Stored data entries:
--- START ---

lemma openin_quotient_topology:
  "openin (quotient_topology T R) S \<longleftrightarrow>
     S \<subseteq> topspace T // R \<and> openin T {x \<in> topspace T. R `` {x} \<in> S}"
proof -
  define Q where "Q = (\<lambda>S. S \<subseteq> topspace T // R \<and> openin T {x \<in> topspace T. R `` {x} \<in> S})"
  have "istopology Q"
    unfolding istopology_def
  proof (intro conjI allI impI ballI)
    fix S S' assume "Q S" "Q S'"
    moreover have "{x \<in> topspace T. R `` {x} \<in> S \<inter> S'} =
        {x \<in> topspace T. R `` {x} \<in> S} \<inter> {x \<in> topspace T. R `` {x} \<in> S'}"
      by auto
    ultimately show "Q (S \<inter> S')"
      unfolding Q_def by (auto intro: openin_Int)
  next
    fix K assume K: "\<forall>S\<in>K. Q S"
    have "{x \<in> topspace T. R `` {x} \<in> \<Union>K} = (\<Union>S\<in>K. {x \<in> topspace T. R `` {x} \<in> S})"
      by auto
    moreover have "openin T (\<Union>S\<in>K. {x \<in> topspace T. R `` {x} \<in> S})"
      using K unfolding Q_def by (intro openin_Union) auto
    ultimately show "Q (\<Union>K)"
      using K unfolding Q_def by auto
  qed
  then have "openin (quotient_topology T R) = Q"
    unfolding quotient_topology_def Q_def[symmetric] by simp
  then show ?thesis
    by (simp add: Q_def)
qed

lemma quotient_topology_eq_discrete_topology_iff:
  assumes R: "equiv (topspace T) R"
  shows "quotient_topology T R = discrete_topology (topspace T // R) \<longleftrightarrow>
           (\<forall>x\<in>topspace T. openin T (R `` {x}))"
proof -
  have preimage_eq_Union: "{x \<in> topspace T. R `` {x} \<in> S} = \<Union>S" if S: "S \<subseteq> topspace T // R" for S
  proof
    show "{x \<in> topspace T. R `` {x} \<in> S} \<subseteq> \<Union>S"
      using equiv_class_self[OF R] by blast
    show "\<Union>S \<subseteq> {x \<in> topspace T. R `` {x} \<in> S}"
    proof
      fix y assume "y \<in> \<Union>S"
      then obtain C where "C \<in> S" "y \<in> C"
        by blast
      moreover obtain x where "x \<in> topspace T" "C = R `` {x}"
        using \<open>C \<in> S\<close> S by (blast elim: quotientE)
      ultimately show "y \<in> {x \<in> topspace T. R `` {x} \<in> S}"
        using R equiv_class_eq[OF R] by (auto simp: equiv_def)
    qed
  qed
  have "quotient_topology T R = discrete_topology (topspace T // R) \<longleftrightarrow>
          (\<forall>S. S \<subseteq> topspace T // R \<longrightarrow> openin T {x \<in> topspace T. R `` {x} \<in> S})"
    by (auto simp: topology_eq openin_quotient_topology)
  also have "\<dots> \<longleftrightarrow> (\<forall>S. S \<subseteq> topspace T // R \<longrightarrow> openin T (\<Union>S))"
    by (simp add: preimage_eq_Union)
  also have "\<dots> \<longleftrightarrow> (\<forall>x\<in>topspace T. openin T (R `` {x}))"
  proof
    assume "\<forall>S. S \<subseteq> topspace T // R \<longrightarrow> openin T (\<Union>S)"
    then show "\<forall>x\<in>topspace T. openin T (R `` {x})"
      by (metis cSup_singleton empty_subsetI insert_subset quotientI)
  next
    assume "\<forall>x\<in>topspace T. openin T (R `` {x})"
    then show "\<forall>S. S \<subseteq> topspace T // R \<longrightarrow> openin T (\<Union>S)"
      by (auto intro!: openin_Union elim!: quotientE)
  qed
  finally show ?thesis .
qed

lemma openin_Vset_classes_iff:
  "(\<forall>a\<in>topspace T. openin T {b \<in> topspace T. Vset T b = Vset T a})
     \<longleftrightarrow> alexandroff T \<and> R0_space T"
proof -
  have class_subset: "{b \<in> topspace T. Vset T b = Vset T a} \<subseteq> Vset T a" for a
    using mem_Vset_self by fastforce
  show ?thesis
  proof
    assume open_classes: "\<forall>a\<in>topspace T. openin T {b \<in> topspace T. Vset T b = Vset T a}"
    have class_eq: "{b \<in> topspace T. Vset T b = Vset T a} = Vset T a" if "a \<in> topspace T" for a
      using class_subset Vset_subset_openin[OF open_classes[rule_format, OF that]] that by blast
    have "alexandroff T"
      unfolding alexandroff_def using open_classes class_eq by simp
    moreover have "R0_space T"
      unfolding R0_space_iff_Vset_eq using class_eq by blast
    ultimately show "alexandroff T \<and> R0_space T" ..
  next
    assume "alexandroff T \<and> R0_space T"
    then have "{b \<in> topspace T. Vset T b = Vset T a} = Vset T a" if "a \<in> topspace T" for a
      using class_subset Vset_subset_topspace[OF that] that
      by (auto simp: R0_space_iff_Vset_eq)
    then show "\<forall>a\<in>topspace T. openin T {b \<in> topspace T. Vset T b = Vset T a}"
      using \<open>alexandroff T \<and> R0_space T\<close> by (simp add: alexandroff_def)
  qed
qed

lemma uniform_structureD:
  assumes "uniform_structure X F" "\<alpha> \<in> F"
  shows "\<alpha> \<subseteq> X \<times> X" "Id_on X \<subseteq> \<alpha>" "converse \<alpha> \<in> F" "\<exists>\<beta>\<in>F. \<beta> O \<beta> \<subseteq> \<alpha>"
  using assms unfolding uniform_structure_def by auto

lemma uniform_interior_in_uniform_opens:
  assumes F: "uniform_structure X F"
  shows "{y \<in> X. \<exists>\<delta>\<in>F. \<delta> `` {y} \<subseteq> S} \<in> uniform_opens X F"
    (is "?W \<in> _")
  unfolding uniform_opens_def
proof (intro CollectI conjI ballI)
  show "?W \<subseteq> X"
    by blast
  fix y assume "y \<in> ?W"
  then obtain \<delta> where \<delta>: "\<delta> \<in> F" "\<delta> `` {y} \<subseteq> S"
    by blast
  obtain \<beta> where \<beta>: "\<beta> \<in> F" "\<beta> O \<beta> \<subseteq> \<delta>"
    using uniform_structureD(4)[OF F \<delta>(1)] by blast
  have "\<beta> `` {y} \<subseteq> ?W"
  proof
    fix z assume z: "z \<in> \<beta> `` {y}"
    then have "z \<in> X"
      using uniform_structureD(1)[OF F \<beta>(1)] by blast
    moreover have "\<beta> `` {z} \<subseteq> S"
      using z \<beta>(2) \<delta>(2) by blast
    ultimately show "z \<in> ?W"
      using \<beta>(1) by blast
  qed
  then show "\<exists>\<alpha>\<in>F. \<alpha> `` {y} \<subseteq> ?W"
    using \<beta>(1) by blast
qed

lemma uniform_structure_supersets_of_equiv:
  assumes E: "equiv X E"
  shows "uniform_structure X {\<alpha>. \<alpha> \<subseteq> X \<times> X \<and> E \<subseteq> \<alpha>}"
    (is "uniform_structure X ?F")
proof -
  have E_in_F: "E \<in> ?F"
    using equiv_type[OF E] by blast
  have "Id_on X \<subseteq> E" "converse E = E" "E O E \<subseteq> E"
    using E trans_O_subset by (auto simp: equiv_def refl_on_def sym_conv_converse_eq)
  then show ?thesis
    unfolding uniform_structure_def
  proof (intro conjI ballI allI impI)
    show "?F \<noteq> {}" "?F \<subseteq> Pow (X \<times> X)"
      using E_in_F by blast+
    fix \<alpha> assume \<alpha>: "\<alpha> \<in> ?F"
    then show "Id_on X \<subseteq> \<alpha>"
      using \<open>Id_on X \<subseteq> E\<close> by blast
    show "converse \<alpha> \<in> ?F"
      using \<alpha> converse_mono[of E \<alpha>] \<open>converse E = E\<close> by auto
    show "\<exists>\<beta>\<in>?F. \<beta> O \<beta> \<subseteq> \<alpha>"
      using \<alpha> \<open>E O E \<subseteq> E\<close> by (intro bexI[OF _ E_in_F]) auto
    fix \<beta>
    show "\<alpha> \<subseteq> \<beta> \<and> \<beta> \<subseteq> X \<times> X \<Longrightarrow> \<beta> \<in> ?F" "\<beta> \<in> ?F \<Longrightarrow> \<alpha> \<inter> \<beta> \<in> ?F"
      using \<alpha> by blast+
  qed
qed

lemma R0_space_if_uniformizable:
  assumes "uniformizable T"
  shows "R0_space T"
  unfolding R0_space_def
proof (intro ballI mem_VsetI)
  obtain F where F: "uniform_structure (topspace T) F" and C: "compatible_uniformity T F"
    using assms unfolding uniformizable_def by blast
  fix a b U assume a: "a \<in> topspace T" and b: "b \<in> Vset T a" and "openin T U" "b \<in> U"
  then obtain \<alpha> where "\<alpha> \<in> F" and \<alpha>: "\<alpha> `` {b} \<subseteq> U"
    using C unfolding compatible_uniformity_def uniform_opens_def by blast
  \<comment> \<open>the uniform interior of \<open>\<alpha>\<inverse>[a]\<close>: an open set containing \<open>a\<close>, hence \<open>b\<close>\<close>
  define W where "W = {y \<in> topspace T. \<exists>\<delta>\<in>F. \<delta> `` {y} \<subseteq> converse \<alpha> `` {a}}"
  have "openin T W"
    using uniform_interior_in_uniform_opens[OF F] C
    unfolding W_def compatible_uniformity_def by blast
  moreover have "a \<in> W"
    using a uniform_structureD(3)[OF F \<open>\<alpha> \<in> F\<close>] unfolding W_def by blast
  ultimately have "b \<in> W"
    using b Vset_subset_openin[of T W a] by blast
  then obtain \<delta> where "\<delta> \<in> F" "\<delta> `` {b} \<subseteq> converse \<alpha> `` {a}" "b \<in> topspace T"
    unfolding W_def by blast
  moreover have "(b, b) \<in> \<delta>"
    using uniform_structureD(2)[OF F \<open>\<delta> \<in> F\<close>] \<open>b \<in> topspace T\<close> by blast
  ultimately have "(b, a) \<in> \<alpha>"
    by blast
  then show "a \<in> U"
    using \<alpha> by blast
qed

lemma uniform_structure_partition_uniformity:
  assumes "partition_on X P"
  shows "uniform_structure X (partition_uniformity X P)"
proof -
  have "(\<Union>D\<in>P. D \<times> D) = {(x, y). \<exists>D\<in>P. x \<in> D \<and> y \<in> D}"
    by blast
  then show ?thesis
    unfolding partition_uniformity_def
    using uniform_structure_supersets_of_equiv[OF equiv_partition_on[OF assms]] by simp
qed

definition saturated :: "'a set set \<Rightarrow> 'a set \<Rightarrow> bool" where
  "saturated P U \<longleftrightarrow> (\<forall>x\<in>U. \<forall>D\<in>P. x \<in> D \<longrightarrow> D \<subseteq> U)"

lemma uniform_opens_partition_uniformity:
  assumes "\<Union>P \<subseteq> X"
  shows "uniform_opens X (partition_uniformity X P) = {U. U \<subseteq> X \<and> saturated P U}"
proof -
  define E where "E = (\<Union>D\<in>P. D \<times> D)"
  have E_in_F: "E \<in> partition_uniformity X P"
    using assms unfolding partition_uniformity_def E_def by blast
  have E_image: "E `` {x} = \<Union>{D \<in> P. x \<in> D}" for x
    unfolding E_def by auto
  have "(\<exists>\<alpha>\<in>partition_uniformity X P. \<alpha> `` {x} \<subseteq> U) \<longleftrightarrow> (\<forall>D\<in>P. x \<in> D \<longrightarrow> D \<subseteq> U)" for x U
  proof
    assume "\<exists>\<alpha>\<in>partition_uniformity X P. \<alpha> `` {x} \<subseteq> U"
    then obtain \<alpha> where "E \<subseteq> \<alpha>" "\<alpha> `` {x} \<subseteq> U"
      unfolding partition_uniformity_def E_def by auto
    then have "E `` {x} \<subseteq> U"
      using Image_mono[of E \<alpha> "{x}" "{x}"] by auto
    then show "\<forall>D\<in>P. x \<in> D \<longrightarrow> D \<subseteq> U"
      unfolding E_image by auto
  next
    assume "\<forall>D\<in>P. x \<in> D \<longrightarrow> D \<subseteq> U"
    then have "E `` {x} \<subseteq> U"
      unfolding E_image by auto
    then show "\<exists>\<alpha>\<in>partition_uniformity X P. \<alpha> `` {x} \<subseteq> U"
      using E_in_F by auto
  qed
  then show ?thesis
    unfolding uniform_opens_def saturated_def by simp
qed

lemma partition_blocks_eq_Vset:
  assumes P: "partition_on (topspace T) P"
    and opens: "\<forall>U. openin T U \<longleftrightarrow> U \<subseteq> topspace T \<and> saturated P U"
  shows "\<forall>D\<in>P. openin T D \<and> (\<forall>a\<in>D. Vset T a = D)"
proof (intro ballI conjI)
  fix D assume D: "D \<in> P"
  have "saturated P D"
    using D partition_onD2[OF P] unfolding saturated_def by (auto dest: disjointD)
  then show "openin T D"
    using opens partition_onD1[OF P] D by blast
  fix a assume a: "a \<in> D"
  have "D \<subseteq> Vset T a"
  proof
    fix x assume "x \<in> D"
    show "x \<in> Vset T a"
    proof (rule mem_VsetI)
      fix U assume "openin T U" "a \<in> U"
      then have "D \<subseteq> U"
        using opens D a by (simp add: saturated_def)
      then show "x \<in> U"
        using \<open>x \<in> D\<close> by blast
    qed
  qed
  then show "Vset T a = D"
    using Vset_subset_openin[OF \<open>openin T D\<close> a] by blast
qed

--- END ---

**WHAT YOU ARE ASKED TO DO:**
A single number is the answer: how many lines in the records above contain the word "ballI".

**WRITTEN RESPONSE:**
5